Source data
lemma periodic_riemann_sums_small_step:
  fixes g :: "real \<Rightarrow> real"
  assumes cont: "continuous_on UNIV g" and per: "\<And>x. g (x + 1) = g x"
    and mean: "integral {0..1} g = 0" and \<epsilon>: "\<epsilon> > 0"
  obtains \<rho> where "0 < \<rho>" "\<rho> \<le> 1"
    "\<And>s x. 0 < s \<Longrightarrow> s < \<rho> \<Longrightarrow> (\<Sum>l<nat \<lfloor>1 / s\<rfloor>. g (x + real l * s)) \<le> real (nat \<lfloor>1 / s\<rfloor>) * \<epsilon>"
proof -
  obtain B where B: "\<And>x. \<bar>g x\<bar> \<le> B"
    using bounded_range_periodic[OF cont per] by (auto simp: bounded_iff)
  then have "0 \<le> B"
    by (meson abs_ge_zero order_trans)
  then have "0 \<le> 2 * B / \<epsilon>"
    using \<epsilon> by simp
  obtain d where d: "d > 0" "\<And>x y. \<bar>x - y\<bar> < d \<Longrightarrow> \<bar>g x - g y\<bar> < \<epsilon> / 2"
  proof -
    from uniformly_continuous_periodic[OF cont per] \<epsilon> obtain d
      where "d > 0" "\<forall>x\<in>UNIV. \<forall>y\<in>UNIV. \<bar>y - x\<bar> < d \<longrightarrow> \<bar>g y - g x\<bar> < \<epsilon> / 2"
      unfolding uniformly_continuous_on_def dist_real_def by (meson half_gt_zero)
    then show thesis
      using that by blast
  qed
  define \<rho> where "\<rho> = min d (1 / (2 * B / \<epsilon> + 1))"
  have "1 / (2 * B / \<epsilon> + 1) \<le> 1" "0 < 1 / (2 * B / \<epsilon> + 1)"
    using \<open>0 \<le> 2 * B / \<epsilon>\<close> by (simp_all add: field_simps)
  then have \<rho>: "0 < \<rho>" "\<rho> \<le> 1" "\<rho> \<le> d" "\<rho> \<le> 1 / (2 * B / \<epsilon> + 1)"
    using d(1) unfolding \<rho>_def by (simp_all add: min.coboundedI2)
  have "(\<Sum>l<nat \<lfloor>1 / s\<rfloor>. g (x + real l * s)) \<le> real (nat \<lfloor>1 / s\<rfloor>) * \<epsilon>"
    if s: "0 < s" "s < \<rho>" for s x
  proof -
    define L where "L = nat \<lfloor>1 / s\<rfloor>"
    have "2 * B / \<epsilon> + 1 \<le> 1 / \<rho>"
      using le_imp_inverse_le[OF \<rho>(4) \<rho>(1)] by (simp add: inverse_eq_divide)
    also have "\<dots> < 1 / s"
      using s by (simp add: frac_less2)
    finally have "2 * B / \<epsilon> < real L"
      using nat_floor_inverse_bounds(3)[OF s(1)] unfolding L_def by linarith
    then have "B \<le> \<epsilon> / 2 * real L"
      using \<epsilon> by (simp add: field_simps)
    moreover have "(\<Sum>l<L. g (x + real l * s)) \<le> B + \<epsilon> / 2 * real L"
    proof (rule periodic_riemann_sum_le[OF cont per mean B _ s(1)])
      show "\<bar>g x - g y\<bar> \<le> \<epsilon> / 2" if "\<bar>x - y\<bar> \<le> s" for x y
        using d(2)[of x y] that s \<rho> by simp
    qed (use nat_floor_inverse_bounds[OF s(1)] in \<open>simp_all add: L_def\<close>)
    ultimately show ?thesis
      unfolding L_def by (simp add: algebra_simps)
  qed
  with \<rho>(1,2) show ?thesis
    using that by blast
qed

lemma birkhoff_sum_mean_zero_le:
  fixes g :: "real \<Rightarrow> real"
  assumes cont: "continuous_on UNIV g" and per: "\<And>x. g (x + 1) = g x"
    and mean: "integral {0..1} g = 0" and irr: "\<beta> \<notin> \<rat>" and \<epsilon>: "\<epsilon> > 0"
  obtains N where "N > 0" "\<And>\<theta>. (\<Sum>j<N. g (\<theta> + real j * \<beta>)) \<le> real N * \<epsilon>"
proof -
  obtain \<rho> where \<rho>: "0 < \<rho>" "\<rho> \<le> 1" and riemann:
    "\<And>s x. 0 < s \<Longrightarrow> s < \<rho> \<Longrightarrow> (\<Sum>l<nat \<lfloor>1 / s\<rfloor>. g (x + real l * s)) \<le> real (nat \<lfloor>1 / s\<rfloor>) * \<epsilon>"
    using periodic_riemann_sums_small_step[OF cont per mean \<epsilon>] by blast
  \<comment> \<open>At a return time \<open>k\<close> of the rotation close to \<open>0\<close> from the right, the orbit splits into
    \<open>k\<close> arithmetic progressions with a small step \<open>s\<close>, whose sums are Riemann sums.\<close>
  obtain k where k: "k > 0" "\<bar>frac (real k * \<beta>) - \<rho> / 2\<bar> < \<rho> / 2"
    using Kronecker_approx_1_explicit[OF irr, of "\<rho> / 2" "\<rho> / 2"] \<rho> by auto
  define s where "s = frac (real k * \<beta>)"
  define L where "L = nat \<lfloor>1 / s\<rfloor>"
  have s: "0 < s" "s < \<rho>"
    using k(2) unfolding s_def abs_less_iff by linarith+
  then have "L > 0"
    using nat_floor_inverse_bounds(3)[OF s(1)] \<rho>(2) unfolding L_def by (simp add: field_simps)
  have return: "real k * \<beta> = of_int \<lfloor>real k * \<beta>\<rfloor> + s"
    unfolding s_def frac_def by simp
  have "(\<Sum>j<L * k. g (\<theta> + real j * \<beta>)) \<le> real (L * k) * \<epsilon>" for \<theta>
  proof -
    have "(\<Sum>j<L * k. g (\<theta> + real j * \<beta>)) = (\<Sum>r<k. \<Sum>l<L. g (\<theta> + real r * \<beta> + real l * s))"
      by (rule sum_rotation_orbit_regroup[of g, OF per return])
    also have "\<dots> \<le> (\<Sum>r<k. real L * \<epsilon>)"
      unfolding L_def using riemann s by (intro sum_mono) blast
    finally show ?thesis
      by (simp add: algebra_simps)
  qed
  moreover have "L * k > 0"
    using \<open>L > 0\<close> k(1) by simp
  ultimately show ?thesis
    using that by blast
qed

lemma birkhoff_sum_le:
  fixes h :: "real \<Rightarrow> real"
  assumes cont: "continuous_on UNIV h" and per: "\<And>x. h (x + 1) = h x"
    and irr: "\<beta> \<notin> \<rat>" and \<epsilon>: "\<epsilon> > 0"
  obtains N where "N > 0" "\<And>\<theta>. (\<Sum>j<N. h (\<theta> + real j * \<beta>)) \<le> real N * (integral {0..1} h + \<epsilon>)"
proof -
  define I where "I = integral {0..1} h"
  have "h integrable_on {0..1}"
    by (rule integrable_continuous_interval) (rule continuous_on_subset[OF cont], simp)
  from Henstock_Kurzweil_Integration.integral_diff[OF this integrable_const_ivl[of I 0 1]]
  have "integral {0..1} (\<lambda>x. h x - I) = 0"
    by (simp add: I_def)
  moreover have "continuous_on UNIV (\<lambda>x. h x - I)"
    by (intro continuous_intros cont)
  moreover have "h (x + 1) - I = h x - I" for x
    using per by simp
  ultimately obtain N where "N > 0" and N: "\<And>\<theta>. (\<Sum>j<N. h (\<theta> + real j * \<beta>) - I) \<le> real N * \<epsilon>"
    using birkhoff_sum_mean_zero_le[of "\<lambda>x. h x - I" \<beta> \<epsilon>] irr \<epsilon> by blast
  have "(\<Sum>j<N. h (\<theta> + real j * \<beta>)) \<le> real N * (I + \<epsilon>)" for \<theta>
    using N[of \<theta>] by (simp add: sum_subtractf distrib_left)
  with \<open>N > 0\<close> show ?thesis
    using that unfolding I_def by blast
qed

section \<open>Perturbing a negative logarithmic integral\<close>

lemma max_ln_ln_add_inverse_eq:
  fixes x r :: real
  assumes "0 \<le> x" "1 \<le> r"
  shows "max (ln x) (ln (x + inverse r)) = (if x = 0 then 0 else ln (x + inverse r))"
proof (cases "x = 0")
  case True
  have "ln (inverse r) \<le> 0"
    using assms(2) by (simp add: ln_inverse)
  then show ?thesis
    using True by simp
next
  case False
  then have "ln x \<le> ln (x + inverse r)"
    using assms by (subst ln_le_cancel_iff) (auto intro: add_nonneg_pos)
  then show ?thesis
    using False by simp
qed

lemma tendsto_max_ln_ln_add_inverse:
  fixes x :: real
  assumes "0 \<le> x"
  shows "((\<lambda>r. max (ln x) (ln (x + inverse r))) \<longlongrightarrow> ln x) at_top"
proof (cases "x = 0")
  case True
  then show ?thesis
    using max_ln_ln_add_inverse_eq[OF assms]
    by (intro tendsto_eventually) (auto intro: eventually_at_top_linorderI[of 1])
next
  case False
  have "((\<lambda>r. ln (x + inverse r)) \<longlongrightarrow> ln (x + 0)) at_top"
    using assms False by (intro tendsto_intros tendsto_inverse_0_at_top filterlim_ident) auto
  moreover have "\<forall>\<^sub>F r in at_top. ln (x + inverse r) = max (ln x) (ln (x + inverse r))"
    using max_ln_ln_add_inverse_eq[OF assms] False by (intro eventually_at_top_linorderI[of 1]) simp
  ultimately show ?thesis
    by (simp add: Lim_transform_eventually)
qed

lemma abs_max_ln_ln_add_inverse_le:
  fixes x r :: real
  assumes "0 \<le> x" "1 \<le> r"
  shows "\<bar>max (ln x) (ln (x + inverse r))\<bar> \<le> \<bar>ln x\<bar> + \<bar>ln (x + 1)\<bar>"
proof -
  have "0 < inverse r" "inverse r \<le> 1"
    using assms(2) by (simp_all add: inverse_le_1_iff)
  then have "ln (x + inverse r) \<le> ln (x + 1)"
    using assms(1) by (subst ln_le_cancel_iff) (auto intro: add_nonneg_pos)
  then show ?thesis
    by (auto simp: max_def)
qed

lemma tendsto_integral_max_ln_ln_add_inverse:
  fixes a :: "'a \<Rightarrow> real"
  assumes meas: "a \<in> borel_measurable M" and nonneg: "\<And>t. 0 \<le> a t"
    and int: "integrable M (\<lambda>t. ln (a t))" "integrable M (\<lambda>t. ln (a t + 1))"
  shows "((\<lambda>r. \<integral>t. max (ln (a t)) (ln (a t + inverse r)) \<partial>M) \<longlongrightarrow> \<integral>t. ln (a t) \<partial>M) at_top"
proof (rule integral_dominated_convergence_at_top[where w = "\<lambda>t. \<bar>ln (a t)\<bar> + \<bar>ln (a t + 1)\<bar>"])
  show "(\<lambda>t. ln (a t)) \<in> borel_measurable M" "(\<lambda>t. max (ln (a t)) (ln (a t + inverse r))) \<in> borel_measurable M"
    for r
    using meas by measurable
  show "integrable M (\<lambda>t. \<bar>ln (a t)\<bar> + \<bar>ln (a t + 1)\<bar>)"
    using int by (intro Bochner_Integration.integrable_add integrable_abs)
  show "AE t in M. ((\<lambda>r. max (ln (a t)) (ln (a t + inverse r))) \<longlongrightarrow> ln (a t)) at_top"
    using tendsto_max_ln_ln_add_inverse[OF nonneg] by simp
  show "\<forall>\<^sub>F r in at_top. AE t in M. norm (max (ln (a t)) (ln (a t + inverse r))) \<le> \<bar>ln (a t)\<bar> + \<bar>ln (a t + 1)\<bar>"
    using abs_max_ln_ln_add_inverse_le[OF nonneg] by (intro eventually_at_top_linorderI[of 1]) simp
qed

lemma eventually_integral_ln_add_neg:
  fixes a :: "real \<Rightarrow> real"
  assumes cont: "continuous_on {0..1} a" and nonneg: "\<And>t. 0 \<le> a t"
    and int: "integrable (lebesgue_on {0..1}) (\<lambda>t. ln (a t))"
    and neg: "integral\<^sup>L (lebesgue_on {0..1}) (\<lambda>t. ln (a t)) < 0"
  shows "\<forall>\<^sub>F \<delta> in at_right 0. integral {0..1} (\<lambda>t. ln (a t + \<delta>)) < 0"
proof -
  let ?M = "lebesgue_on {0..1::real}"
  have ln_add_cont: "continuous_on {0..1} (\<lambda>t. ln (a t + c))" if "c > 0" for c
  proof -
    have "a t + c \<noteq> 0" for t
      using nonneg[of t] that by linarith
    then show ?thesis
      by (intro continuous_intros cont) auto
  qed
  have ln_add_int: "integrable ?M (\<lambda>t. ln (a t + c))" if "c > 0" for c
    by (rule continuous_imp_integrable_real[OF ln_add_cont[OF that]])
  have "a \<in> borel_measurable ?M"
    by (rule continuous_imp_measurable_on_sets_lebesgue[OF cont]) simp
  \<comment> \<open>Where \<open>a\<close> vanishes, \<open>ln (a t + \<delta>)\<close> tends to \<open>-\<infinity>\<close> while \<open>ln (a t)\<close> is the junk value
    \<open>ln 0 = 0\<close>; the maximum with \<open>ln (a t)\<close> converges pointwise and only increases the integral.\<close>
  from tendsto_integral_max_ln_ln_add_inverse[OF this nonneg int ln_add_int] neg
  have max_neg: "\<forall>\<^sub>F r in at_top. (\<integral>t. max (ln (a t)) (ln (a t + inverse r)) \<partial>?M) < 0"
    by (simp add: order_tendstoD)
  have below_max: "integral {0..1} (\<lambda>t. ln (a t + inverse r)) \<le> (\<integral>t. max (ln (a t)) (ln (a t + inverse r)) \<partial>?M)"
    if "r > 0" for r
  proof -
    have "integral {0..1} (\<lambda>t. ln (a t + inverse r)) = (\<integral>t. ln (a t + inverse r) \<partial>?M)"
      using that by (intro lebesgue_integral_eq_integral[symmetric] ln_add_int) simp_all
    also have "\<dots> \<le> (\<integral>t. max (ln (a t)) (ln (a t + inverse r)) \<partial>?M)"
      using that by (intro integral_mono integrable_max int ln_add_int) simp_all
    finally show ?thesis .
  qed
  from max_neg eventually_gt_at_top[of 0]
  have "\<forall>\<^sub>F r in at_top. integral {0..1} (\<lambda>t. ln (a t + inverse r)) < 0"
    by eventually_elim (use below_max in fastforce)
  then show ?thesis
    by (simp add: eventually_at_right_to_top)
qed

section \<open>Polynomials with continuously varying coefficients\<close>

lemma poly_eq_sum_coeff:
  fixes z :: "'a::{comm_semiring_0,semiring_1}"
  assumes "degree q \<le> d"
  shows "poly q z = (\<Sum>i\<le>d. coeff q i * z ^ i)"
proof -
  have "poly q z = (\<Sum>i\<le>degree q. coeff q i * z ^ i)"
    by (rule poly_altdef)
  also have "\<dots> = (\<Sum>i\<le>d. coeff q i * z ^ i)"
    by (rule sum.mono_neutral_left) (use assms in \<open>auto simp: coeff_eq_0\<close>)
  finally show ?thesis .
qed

» REQUIRED WORK:
If a line in the records includes the string "intro", copy it.

» RESPONSE TO THE EXERCISE:
      unfolding L_def using riemann s by (intro sum_mono) blast
    by (intro continuous_intros cont)
    using assms by (subst ln_le_cancel_iff) (auto intro: add_nonneg_pos)
    by (intro tendsto_eventually) (auto intro: eventually_at_top_linorderI[of 1])
    using assms False by (intro tendsto_intros tendsto_inverse_0_at_top filterlim_ident) auto
    using max_ln_ln_add_inverse_eq[OF assms] False by (intro eventually_at_top_linorderI[of 1]) simp
    using assms(1) by (subst ln_le_cancel_iff) (auto intro: add_nonneg_pos)
    using int by (intro Bochner_Integration.integrable_add integrable_abs)
    using abs_max_ln_ln_add_inverse_le[OF nonneg] by (intro eventually_at_top_linorderI[of 1]) simp
      by (intro continuous_intros cont) auto
      using that by (intro lebesgue_integral_eq_integral[symmetric] ln_add_int) simp_all
      using that by (intro integral_mono integrable_max int ln_add_int) simp_all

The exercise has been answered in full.